(* Let $R$ be a discrete valuation ring with maximal ideal $\mathfrak m$, fraction field $F$ and valuation $\mathrm{ord}$. For integers $m\ge1$, $n\ge1$ let $K^M_n(F,m)$ be the subgroup of $K^M_n(F)$ generated by the Milnor symbols $\{y_1,\dots,y_n\}$ ($y_i\in F^\times$) with $\sum_{i=1}^n\mathrm{ord}(y_i-1)\ge m$. Then for every $n\ge0$, $$K^M_{n+1}(F,m)\subseteq(1+\mathfrak m^m)K^M_n(F).$$
   Context: $(1+\mathfrak m^m)K^M_n(F)$ denotes the subgroup of $K^M_{n+1}(F)$ generated by the products $\{u\}\cdot x$ with $u\in 1+\mathfrak m^m$ and $x\in K^M_n(F)$; for $n=0$ it is the image of $1+\mathfrak m^m$ in $K^M_1(F)=F^\times$. Convention $\mathrm{ord}(0)=\infty$. *)

theory Defs
  imports Complex_Main "HOL-Library.Extended_Real"
begin

text \<open>A normalized discrete valuation v on the field F (values on nonzero elements;
 v 0 is irrelevant). Its valuation ring R = {0} \<union> {x. v x \<ge> 0} is a DVR with
 fraction field F and maximal ideal {0} \<union> {x. v x \<ge> 1}; every DVR arises so.\<close>

definition discrete_valuation :: "('a::field \<Rightarrow> int) \<Rightarrow> bool" where
  "discrete_valuation v \<longleftrightarrow>
     (\<forall>x y. x \<noteq> 0 \<longrightarrow> y \<noteq> 0 \<longrightarrow> v (x * y) = v x + v y) \<and>
     (\<forall>x y. x \<noteq> 0 \<longrightarrow> y \<noteq> 0 \<longrightarrow> x + y \<noteq> 0 \<longrightarrow> v (x + y) \<ge> min (v x) (v y)) \<and>
     (\<forall>k. \<exists>x. x \<noteq> 0 \<and> v x = k)"

definition ord :: "('a::field \<Rightarrow> int) \<Rightarrow> 'a \<Rightarrow> ereal" where
  "ord v x = (if x = 0 then \<infinity> else ereal (of_int (v x)))"

definition one_plus_mpow :: "('a::field \<Rightarrow> int) \<Rightarrow> nat \<Rightarrow> 'a set" where
  "one_plus_mpow v m = {u. u \<noteq> 0 \<and> ord v (u - 1) \<ge> ereal (real m)}"

text \<open>Elements of the free abelian group on words (lists) over F are integer-valued
 functions on lists. zspan S is the subgroup generated by S.\<close>

inductive_set zspan :: "('b \<Rightarrow> int) set \<Rightarrow> ('b \<Rightarrow> int) set" for S where
  zero: "(\<lambda>_. 0) \<in> zspan S"
| add: "f \<in> zspan S \<Longrightarrow> s \<in> S \<Longrightarrow> (\<lambda>l. f l + s l) \<in> zspan S"
| diff: "f \<in> zspan S \<Longrightarrow> s \<in> S \<Longrightarrow> (\<lambda>l. f l - s l) \<in> zspan S"

definition delta :: "'a list \<Rightarrow> ('a list \<Rightarrow> int)" where
  "delta xs = (\<lambda>l. if l = xs then 1 else 0)"

definition units_words :: "nat \<Rightarrow> ('a::field) list set" where
  "units_words n = {xs. length xs = n \<and> (\<forall>x\<in>set xs. x \<noteq> 0)}"

text \<open>Free abelian group on (F^\<times>)^n (this is (F^\<times>)^{\<otimes>n} before imposing
 multilinearity).\<close>
definition free_words :: "nat \<Rightarrow> (('a::field) list \<Rightarrow> int) set" where
  "free_words n = zspan (delta ` units_words n)"

text \<open>Relations defining K^M_n(F) = (F^\<times>)^{\<otimes>n} / (Steinberg): multilinearity in
 each slot, and Steinberg relations a \<otimes> (1-a) in adjacent slots.\<close>
definition milnor_rels :: "nat \<Rightarrow> (('a::field) list \<Rightarrow> int) set" where
  "milnor_rels n =
     {(\<lambda>l. delta (xs @ [a * b] @ ys) l - delta (xs @ [a] @ ys) l - delta (xs @ [b] @ ys) l)
        | xs ys a b. xs @ [a] @ ys \<in> units_words n \<and> b \<noteq> 0}
   \<union> {delta (xs @ [a, 1 - a] @ ys) | xs ys a. xs @ [a, 1 - a] @ ys \<in> units_words n}"

text \<open>A subgroup H of K^M_n(F) given by generators S (words/elements of the free group)
 corresponds to its preimage zspan (milnor_rels n \<union> S) in the free group; inclusion of
 subgroups of K^M_n(F) is inclusion of these preimages.\<close>

text \<open>Product {u}\<cdot>x for x \<in> K^M_n(F) represented by g: represented by u prepended to
 every word (well defined on the quotient since prepending maps relations to relations).\<close>
definition sym_mult :: "'a \<Rightarrow> ('a list \<Rightarrow> int) \<Rightarrow> ('a list \<Rightarrow> int)" where
  "sym_mult u g = (\<lambda>l. case l of [] \<Rightarrow> 0 | w # ws \<Rightarrow> (if w = u then g ws else 0))"

definition KM_m_gens :: "('a::field \<Rightarrow> int) \<Rightarrow> nat \<Rightarrow> nat \<Rightarrow> ('a list \<Rightarrow> int) set" where
  "KM_m_gens v n m = {delta ys | ys. ys \<in> units_words n \<and>
       sum_list (map (\<lambda>y. ord v (y - 1)) ys) \<ge> ereal (real m)}"

definition one_plus_mpow_K_gens :: "('a::field \<Rightarrow> int) \<Rightarrow> nat \<Rightarrow> nat \<Rightarrow> ('a list \<Rightarrow> int) set" where
  "one_plus_mpow_K_gens v m n = {sym_mult u g | u g. u \<in> one_plus_mpow v m \<and> g \<in> free_words n}"

end

theory Submission
  imports Defs "HOL-Library.Function_Algebras"
begin

text \<open>For units u, u' with ord (u - 1), ord (u' - 1) \<ge> 1 put r = u + u' - u u'. Then
  r - 1 = -(u - 1)(u' - 1) has valuation ord (u - 1) + ord (u' - 1), and the Steinberg
  relation for u / r (note 1 - u / r = (1 - u) u' / r) gives {u, u'} = {r, (1 - u) u' / (u r)}.
  Entries y with ord (y - 1) \<le> 0 only lower the sum, so the remaining entries have
  valuations summing to at least m; merging them pairwise leaves a single entry of 1 + m^m.
  Since permuting entries changes a symbol only up to sign, that entry can be brought to the
  front, exhibiting the symbol as an element of (1 + m^m) K^M_n(F).\<close>

lemma zspan_generator: "s \<in> S \<Longrightarrow> s \<in> zspan S"
  using zspan.add[OF zspan.zero, of s S] by simp

lemma zspan_add: "g \<in> zspan S \<Longrightarrow> f \<in> zspan S \<Longrightarrow> f + g \<in> zspan S"
proof (induction g rule: zspan.induct)
  case zero
  then show ?case by (simp add: plus_fun_def)
next
  case (add g s)
  have "f + (\<lambda>l. g l + s l) = (\<lambda>l. (f + g) l + s l)" by (simp add: plus_fun_def add.assoc)
  then show ?case using zspan.add[OF add.IH[OF add.prems] add.hyps(2)] by simp
next
  case (diff g s)
  have "f + (\<lambda>l. g l - s l) = (\<lambda>l. (f + g) l - s l)" by (simp add: plus_fun_def add_diff_eq)
  then show ?case using zspan.diff[OF diff.IH[OF diff.prems] diff.hyps(2)] by simp
qed

lemma zspan_uminus: "f \<in> zspan S \<Longrightarrow> - f \<in> zspan S"
proof (induction f rule: zspan.induct)
  case zero
  then show ?case using zspan.zero by (simp add: fun_Compl_def)
next
  case (add g s)
  have "- (\<lambda>l. g l + s l) = (\<lambda>l. (- g) l - s l)" by (simp add: fun_eq_iff)
  then show ?case using zspan.diff[OF add.IH add.hyps(2)] by simp
next
  case (diff g s)
  have "- (\<lambda>l. g l - s l) = (\<lambda>l. (- g) l + s l)" by (simp add: fun_eq_iff)
  then show ?case using zspan.add[OF diff.IH diff.hyps(2)] by simp
qed

lemma zspan_diff: "f \<in> zspan S \<Longrightarrow> g \<in> zspan S \<Longrightarrow> f - g \<in> zspan S"
  using zspan_add[OF zspan_uminus, of g S f] by simp

lemmas zspan_closed = zspan_add zspan_diff zspan_uminus

lemma zspan_subset_zspan: "(\<And>s. s \<in> S \<Longrightarrow> s \<in> zspan T) \<Longrightarrow> zspan S \<subseteq> zspan T"
proof
  fix f assume gen: "\<And>s. s \<in> S \<Longrightarrow> s \<in> zspan T" and f: "f \<in> zspan S"
  from f show "f \<in> zspan T"
  proof (induction f rule: zspan.induct)
    case zero
    show ?case by (rule zspan.zero)
  next
    case (add f s)
    then show ?case using zspan_add[of s T f] gen[of s] by (simp add: plus_fun_def)
  next
    case (diff f s)
    then show ?case using zspan_diff[of f T s] gen[of s] by (simp add: fun_diff_def)
  qed
qed

lemma zspan_mono: "S \<subseteq> T \<Longrightarrow> zspan S \<subseteq> zspan T"
  by (rule zspan_subset_zspan) (auto intro: zspan_generator)

lemma zspan_Un_left: "f \<in> zspan S \<Longrightarrow> f \<in> zspan (S \<union> T)"
  using zspan_mono[of S "S \<union> T"] by blast

locale adjacent_slots =
  fixes N :: nat and pre post :: "'a::field list"
  assumes length_eq: "length pre + 2 + length post = N"
    and pre_nonzero: "0 \<notin> set pre" and post_nonzero: "0 \<notin> set post"
begin

abbreviation relations :: "('a list \<Rightarrow> int) set" where
  "relations \<equiv> zspan (milnor_rels N)"

definition symbol :: "'a \<Rightarrow> 'a \<Rightarrow> 'a list \<Rightarrow> int" where
  "symbol x y = delta (pre @ [x, y] @ post)"

lemma units_word: "x \<noteq> 0 \<Longrightarrow> y \<noteq> 0 \<Longrightarrow> pre @ [x, y] @ post \<in> units_words N"
  using length_eq pre_nonzero post_nonzero by (auto simp: units_words_def)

□ □ □ □ □

-- PROBLEM REQUIREMENTS --
Report each line in the entries where the string "else" occurs.

-- TASK SOLUTION --
  "ord v x = (if x = 0 then \<infinity> else ereal (of_int (v x)))"
  "delta xs = (\<lambda>l. if l = xs then 1 else 0)"
  "sym_mult u g = (\<lambda>l. case l of [] \<Rightarrow> 0 | w # ws \<Rightarrow> (if w = u then g ws else 0))"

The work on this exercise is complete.